Real men are perfectly capable of grocery shopping, cleaning a house and all the other domestic things you mention. Selfish, immature, lazy irresponsible 'kidults' are also capable but would prefer not to. It needs to be resolved and you can either have a 'shape up or ship out' conversation or you can both act like grown-ups and deal with it as a team

ChiefTittifer · 07/07/2012 11:16

Oh please don't listen to Mayisout.

solidgoldbrass · 07/07/2012 11:39

Well he sounds like a lazy selfish arsehole. Has he any redeeming features? If not, given that (by the sound of it) you are the one with the income and the one who owns the house, it will not be too difficult to get rid of him. It's OK to do that You are under no obligation to 'make it work' with a parasitic lazy man who is not prepared to make any effort himself, and the sooner you get rid, the better. You will only be legally obliged to allow him contact with the baby for a reasonable amount of time, and if he is as uninterested as he sounds, and just fucks off, let him go now while your child is too young to be upset by his disappearance.

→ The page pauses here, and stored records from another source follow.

lemma bij_betw_split_last:
  "bij_betw (split_last k m) (perm_tuples k (Suc m)) (({1..k} \<rightarrow>\<^sub>E {1..Suc m}) \<times> perm_tuples k m)"
proof -
  let ?T = "({1..k} \<rightarrow>\<^sub>E {1..Suc m}) \<times> perm_tuples k m"
  have inj: "inj_on (split_last k m) (perm_tuples k (Suc m))"
  proof
    fix P Q assume P: "P \<in> perm_tuples k (Suc m)" and Q: "Q \<in> perm_tuples k (Suc m)"
      and eq: "split_last k m P = split_last k m Q"
    show "P = Q"
    proof (rule PiE_ext[OF P[unfolded perm_tuples_def] Q[unfolded perm_tuples_def]])
      fix \<beta> assume \<beta>: "\<beta> \<in> {1..k}"
      from eq \<beta> have "P \<beta> (Suc m) = Q \<beta> (Suc m)" "std_prefix (P \<beta>) m = std_prefix (Q \<beta>) m"
        by (auto simp: split_last_def dest: fun_cong[of _ _ \<beta>])
      with \<beta> show "P \<beta> = Q \<beta>"
        using std_prefix_inj perm_tuples_permutes[OF P] perm_tuples_permutes[OF Q] by blast
    qed
  qed
  have into: "split_last k m ` perm_tuples k (Suc m) \<subseteq> ?T"
    using perm_tuples_permutes permutes_in_image std_prefix_permutes
    by (fastforce simp: split_last_def perm_tuples_def)
  have "card (split_last k m ` perm_tuples k (Suc m)) = card ?T"
    by (simp add: card_image[OF inj] card_perm_tuples card_cartesian_product card_PiE
        power_mult_distrib[symmetric])
  with into have "split_last k m ` perm_tuples k (Suc m) = ?T"
    using finite_perm_tuples by (intro card_subset_eq) (auto intro!: finite_PiE)
  with inj show ?thesis by (simp add: bij_betw_def)
qed

lemma rec_count_split_last_prefix:
  assumes "P \<in> perm_tuples k (Suc m)" and "\<alpha> \<le> m"
  shows "rec_count k (snd (split_last k m P)) \<alpha> = rec_count k P \<alpha>"
  unfolding rec_count_def split_last_def
  using is_record_std_prefix_iff[OF perm_tuples_permutes[OF assms(1)] assms(2)]
  by (intro arg_cong[where f = card] Collect_cong) auto

lemma rec_count_split_last_last:
  assumes "P \<in> perm_tuples k (Suc m)"
  shows "rec_count k P (Suc m) = card {\<beta>\<in>{1..k}. fst (split_last k m P) \<beta> = 1}"
  unfolding rec_count_def split_last_def
  using is_record_last_iff[OF perm_tuples_permutes[OF assms]]
  by (intro arg_cong[where f = card] Collect_cong) auto
lemma W_Suc_normal_equation:
  "\<beta> k *\<^sub>R W (Suc k) + (2 * \<rho>) *\<^sub>R (transpose X ** X ** W (Suc k))
     = (2 * \<rho>) *\<^sub>R (transpose X ** X) + Y k + \<beta> k *\<^sub>R Z k"
proof -
  have "invertible (\<beta> k *\<^sub>R mat 1 + (2 * \<rho>) *\<^sub>R (transpose X ** X))"
    using beta_pos rho_pos by (intro invertible_scaleR_mat_plus_gram) auto
  then have "(\<beta> k *\<^sub>R mat 1 + (2 * \<rho>) *\<^sub>R (transpose X ** X)) ** W (Suc k)
      = (2 * \<rho>) *\<^sub>R (transpose X ** X) + Y k + \<beta> k *\<^sub>R Z k"
    by (simp add: W_step matrix_mul_assoc matrix_inv_inverse)
  then show ?thesis
    by (simp add: matrix_add_rdistrib scalar_matrix_assoc[symmetric])
qed

lemma grad_F_Z_Suc_add_Y_Suc: "grad_F (Z (Suc k)) + Y (Suc k) = 0"
  using aug_lagr_argmin_stationary[OF Z_step] by (simp add: Y_step add.assoc)

lemma beta_Z_step_eq_residual:
  "\<beta> k *\<^sub>R (Z (Suc k) - Z k)
     = Y (Suc k) + (2 * \<rho>) *\<^sub>R (transpose X ** X - transpose X ** X ** W (Suc k))"
  using W_Suc_normal_equation[of k] by (simp add: Y_step algebra_simps)

lemma convergent_Z: "convergent Z"
  using Z_diff beta_pos summable_inverse_beta
  by (intro convergent_if_weighted_steps_bounded[where w = \<beta>])
     (auto intro: convergent_imp_Bseq convergentI)
(* Let $h\ge 2$ and $m\ge h+1$. Over the bidirected $(m,h)$-CCN, the secrecy rate $h-1$ is achievable against a $1$-node passive adversary (by a single-round protocol).
   Context: Network model: a graph with unit-capacity edges; each use of an edge carries one symbol of a finite field $\mathbb{F}$ (taken sufficiently large), and entropies are measured in units of $\log|\mathbb{F}|$. A single source $S$ holds a message $\mathcal{W}$ to be multicast to a set of receivers. Each node (including receivers) may use its own private randomness; nodes share no prior common randomness and no side channel. An $N$-round protocol: in each round every (directed) edge is used at most once, and within a round transmissions may be scheduled in any causal order. Decodability: every receiver recovers $\mathcal{W}$ with zero error. Secrecy: $H(\mathcal{W}\mid \mathcal{V}_{\mathcal{A}})=H(\mathcal{W})$, where $\mathcal{V}_{\mathcal{A}}$ is the adversary's view. The secrecy rate is $H(\mathcal{W})/N$. A $1$-node passive adversary may choose any single node other than the source and the receivers and observes all values delivered to that node; secrecy must hold for every such choice. Directed $(m,h)$-CCN ($m\ge h$): nodes $S$, $S_1,\dots,S_h$, $A_1,\dots,A_m$, $B_1,\dots,B_m$, and $\binom{m}{h}$ receivers, one per $h$-subset of $\{B_1,\dots,B_m\}$; directed edges $S\to S_i$ ($1\le i\le h$), $S_i\to A_i$ ($1\le i\le h$), $S_i\to A_j$ for all $1\le i\le h$, $h<j\le m$, $A_j\to B_j$, and $B_j\to R$ whenever $B_j$ is in the $h$-subset of receiver $R$. The bidirected $(m,h)$-CCN is obtained by adding, for every directed edge $u\to v$ of the directed $(m,h)$-CCN, an additional edge $v\to u$. *)

theory Defs
  imports "HOL-Algebra.Ring" "HOL-Library.FuncSet"
begin

datatype node = Src | SS nat | AA nat | BB nat | Rcv "nat set"

definition ccn_receivers :: "nat \<Rightarrow> nat \<Rightarrow> node set" where
  "ccn_receivers m h = Rcv ` {T. T \<subseteq> {1..m} \<and> card T = h}"

definition ccn_nodes :: "nat \<Rightarrow> nat \<Rightarrow> node set" where
  "ccn_nodes m h = {Src} \<union> SS ` {1..h} \<union> AA ` {1..m} \<union> BB ` {1..m} \<union> ccn_receivers m h"
lemma maj_complete:
  assumes "set P \<subseteq> lin_orders n" "odd (length P)" "a \<in> {1..n}" "c \<in> {1..n}" "a \<noteq> c"
    and "\<not> maj P a c"
  shows "maj P c a"
proof -
  have "filter (\<lambda>q. prefers q c a) P = filter (\<lambda>q. \<not> prefers q a c) P"
  proof (rule filter_cong[OF refl])
    fix q assume "q \<in> set P"
    then have "distinct q" "a \<in> set q" "c \<in> set q"
      using assms(1,3,4) by (auto simp: lin_orders_def)
    then show "prefers q c a \<longleftrightarrow> \<not> prefers q a c"
      using prefers_total prefers_asym assms(5) by metis
  qed
  then show ?thesis
    using assms(2,6) sum_length_filter_compl[of "\<lambda>q. prefers q a c" P]
    unfolding maj_def by presburger
qed

definition has_cyclic_triple :: "nat \<Rightarrow> nat list set \<Rightarrow> bool" where
  "has_cyclic_triple n D \<longleftrightarrow>
     (\<exists>v1\<in>D. \<exists>v2\<in>D. \<exists>v3\<in>D. \<exists>a\<in>{1..n}. \<exists>b\<in>{1..n}. \<exists>c\<in>{1..n}.
        sorted_wrt (prefers v1) [a, b, c] \<and> sorted_wrt (prefers v2) [b, c, a] \<and>
        sorted_wrt (prefers v3) [c, a, b])"

lemma condorcet_domain_no_cyclic_triple:
  assumes cd: "condorcet_domain n D"
  shows "\<not> has_cyclic_triple n D"
proof
  assume "has_cyclic_triple n D"
  then obtain v1 v2 v3 a b c where v: "v1 \<in> D" "v2 \<in> D" "v3 \<in> D"
    and abc: "a \<in> {1..n}" "b \<in> {1..n}" "c \<in> {1..n}"
    and cyc: "sorted_wrt (prefers v1) [a, b, c]" "sorted_wrt (prefers v2) [b, c, a]"
      "sorted_wrt (prefers v3) [c, a, b]"
    unfolding has_cyclic_triple_def by blast
  have "distinct v1" "distinct v2" "distinct v3"
    using v cd by (auto simp: condorcet_domain_def lin_orders_def)
  then have "maj [v1, v2, v3] a b" "maj [v1, v2, v3] b c" "\<not> maj [v1, v2, v3] a c"
    using cyc by (auto simp: maj_def dest: prefers_asym)
  moreover have "odd (length [v1, v2, v3]) \<and> set [v1, v2, v3] \<subseteq> D"
    using v by simp
  ultimately show False
    using cd abc unfolding condorcet_domain_def by blast
qed

lemma condorcet_domainI_no_cyclic_triple:
  assumes lin: "D \<subseteq> lin_orders n" and acyclic: "\<not> has_cyclic_triple n D"
  shows "condorcet_domain n D"
  unfolding condorcet_domain_def
proof (intro conjI lin allI impI ballI)
  fix P a b c
  assume P: "odd (length P) \<and> set P \<subseteq> D" and abc: "a \<in> {1..n}" "b \<in> {1..n}" "c \<in> {1..n}"
    and ab_bc: "maj P a b \<and> maj P b c"
  have distinct: "distinct q" if "q \<in> set P" for q
    using that P lin by (auto simp: lin_orders_def)
  show "maj P a c"
  proof (rule ccontr)
    assume "\<not> maj P a c"
    moreover have "a \<noteq> c"
      using maj_common_voter[of P a b b a] ab_bc distinct prefers_asym by blast
    ultimately have ca: "maj P c a"
      using maj_complete[of P n a c] P lin abc by blast
    obtain v1 where v1: "v1 \<in> set P" "prefers v1 a b" "prefers v1 b c"
      using maj_common_voter ab_bc by blast
    obtain v2 where v2: "v2 \<in> set P" "prefers v2 b c" "prefers v2 c a"
      using maj_common_voter ab_bc ca by blast
    obtain v3 where v3: "v3 \<in> set P" "prefers v3 c a" "prefers v3 a b"
      using maj_common_voter ab_bc ca by blast
    have "sorted_wrt (prefers v1) [a, b, c]" "sorted_wrt (prefers v2) [b, c, a]"
      "sorted_wrt (prefers v3) [c, a, b]"
      using v1 v2 v3 prefers_trans[OF distinct[OF v1(1)] v1(2,3)]
        prefers_trans[OF distinct[OF v2(1)] v2(2,3)] prefers_trans[OF distinct[OF v3(1)] v3(2,3)]
      by simp_all
    then have "has_cyclic_triple n D"
      unfolding has_cyclic_triple_def using P abc v1(1) v2(1) v3(1) by blast
    then show False
      using acyclic by blast
  qed
qed

lemma condorcet_domain_iff_no_cyclic_triple:
  "condorcet_domain n D \<longleftrightarrow> D \<subseteq> lin_orders n \<and> \<not> has_cyclic_triple n D"
proof
  assume cd: "condorcet_domain n D"
  then have "D \<subseteq> lin_orders n"
    unfolding condorcet_domain_def by blast
  then show "D \<subseteq> lin_orders n \<and> \<not> has_cyclic_triple n D"
    using condorcet_domain_no_cyclic_triple[OF cd] by blast
qed (use condorcet_domainI_no_cyclic_triple in blast)

lemma prefers_sorted_key:
  fixes f :: "nat \<Rightarrow> 'k::linorder"
  assumes "sorted_wrt (\<lambda>x y. f x < f y) q" "x \<in> set q" "y \<in> set q"
  shows "prefers q x y \<longleftrightarrow> f x < f y"
  using assms
proof (induction q)
  case (Cons a q)
  then show ?case
    by (auto simp: prefers_Cons dest: prefers_set)
qed simp

definition order_by :: "(nat \<Rightarrow> 'k::linorder) \<Rightarrow> nat \<Rightarrow> nat list" where
  "order_by f n = sort_key f [1..<Suc n]"

lemma order_by_in_lin_orders: "order_by f n \<in> lin_orders n"
  by (auto simp: order_by_def lin_orders_def)

lemma prefers_order_by:
  assumes "inj_on f {1..n}" "x \<in> {1..n}" "y \<in> {1..n}"
  shows "prefers (order_by f n) x y \<longleftrightarrow> f x < f y"
proof (rule prefers_sorted_key)
  have "distinct (map f (order_by f n))"
    using assms(1) by (simp add: order_by_def distinct_map atLeastLessThanSuc_atLeastAtMost del: upt_Suc)
  then show "sorted_wrt (\<lambda>x y. f x < f y) (order_by f n)"
    by (simp add: order_by_def strict_sorted_iff flip: sorted_wrt_map)
qed (use assms in \<open>auto simp: order_by_def\<close>)

lemma order_by_in_DX:
  assumes inj: "inj_on f {1..n}"
    and key: "\<And>i j k. 1 \<le> i \<Longrightarrow> i < j \<Longrightarrow> j < k \<Longrightarrow> k \<le> n \<Longrightarrow>
       (j \<in> A \<longrightarrow> \<not> (f j < f i \<and> f k < f i)) \<and> (j \<notin> A \<longrightarrow> \<not> (f k < f i \<and> f k < f j))"
  shows "order_by f n \<in> DX n A"
  using key by (auto simp: DX_def order_by_in_lin_orders prefers_order_by[OF inj])

lemma order_by_id: "order_by (\<lambda>x. x) n = [1..<Suc n]"
  by (simp add: order_by_def del: upt_Suc)

lemma prefers_upt: "x \<in> {1..n} \<Longrightarrow> y \<in> {1..n} \<Longrightarrow> prefers [1..<Suc n] x y \<longleftrightarrow> x < y"
  using prefers_order_by[of "\<lambda>x. x" n x y] by (simp add: order_by_id)
(* Let $d\ge k\ge2$, $n\ge1$, $\Delta>0$, and let $\sigma:\mathbb{R}\to\mathbb{R}$ be a measurable function applied entrywise. Let the readout be dense with equal entries, $\mathbf v=k^{-1/2}(1,\dots,1)\in\mathbb{R}^k$. Let $\mathbf W^0\in\mathbb{R}^{k\times d}$ be drawn uniformly from the Stiefel manifold of $k\times d$ matrices with orthonormal rows, with rows $\mathbf w^0_1,\dots,\mathbf w^0_k$. Let $\mathbf x_\mu\sim\mathcal N(0,\mathbf I_d)$ and $z_\mu\sim\mathcal N(0,1)$, $\mu\in[n]$, be i.i.d. and independent of $\mathbf W^0$, and let the data be $\mathcal D=(\mathbf x_\mu,y^{\rm out}_\mu)_{\mu\in[n]}$ with $y^{\rm out}_\mu=\mathbf v^\top\sigma(\mathbf W^0\mathbf x_\mu)+\sqrt\Delta\,z_\mu$. Let $\mathbf W^1$ (with rows $\mathbf w^1_j$) be a sample from the posterior $P(\mathbf W\mid\mathcal D)\propto\nu(\mathbf W)\prod_{\mu\le n}\exp\!\big(-\tfrac{1}{2\Delta}(y^{\rm out}_\mu-\mathbf v^\top\sigma(\mathbf W\mathbf x_\mu))^2\big)$, where $\nu$ is the uniform measure on the Stiefel manifold, and let $\mathbb{E}\langle\cdot\rangle$ denote expectation over $\mathcal D,\mathbf W^0$ and the posterior sample. Then there is an absolute constant $C>0$ such that for all $i\neq j$ in $[k]$, $\mathbb{E}\langle(\mathbf w^0_i\cdot\mathbf w^1_j)^2\rangle\le C/k$; in particular this is $O(d^{-1})$ when $k=\Theta(d)$.
   Context: $\langle\cdot\rangle$ denotes expectation with respect to the posterior distribution $P(\mathbf W\mid\mathcal D)$ given above; $\mathbb{E}$ denotes expectation over the data and the teacher weights $\mathbf W^0$. *)

theory Defs
  imports "HOL-Probability.Probability"
begin

text \<open>Matrices of size k x d are encoded as extensional functions on
  the index set {..<k} x {..<d} (rows are indexed by the first component).\<close>

definition mat_space :: "nat \<Rightarrow> nat \<Rightarrow> ((nat \<times> nat) \<Rightarrow> real) measure" where
  "mat_space k d = PiM ({..<k} \<times> {..<d}) (\<lambda>_. lborel)"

georgethecat · 07/07/2012 19:59

Thanks all have taken comments on board, sat him down and have agreed some changes. Have drawn map to Tescos, explained my frustrations & have listened to his. Sometimes it is difficult being in a relationship & more difficult knowing when to work hard at it and when to call it a day "~ Well the line in the sand has been drawn.

OP posts:
fedup2012 · 07/07/2012 20:09

Just make sure that you know exactly what you're going to do if he crosses that line.

Good luck.

solidgoldbrass · 07/07/2012 21:04

OK, so this is his one chance to behave himself and do his fair share of domestic work and childcare. Have a timescale in your head; maybe of about a month. That should be long enough for him either to have understood and be doing his best, or to have made a token effort and lapsed back into 'Well I put the bins out once, what are you moaning about?'. And if he's not making the effort, get rid.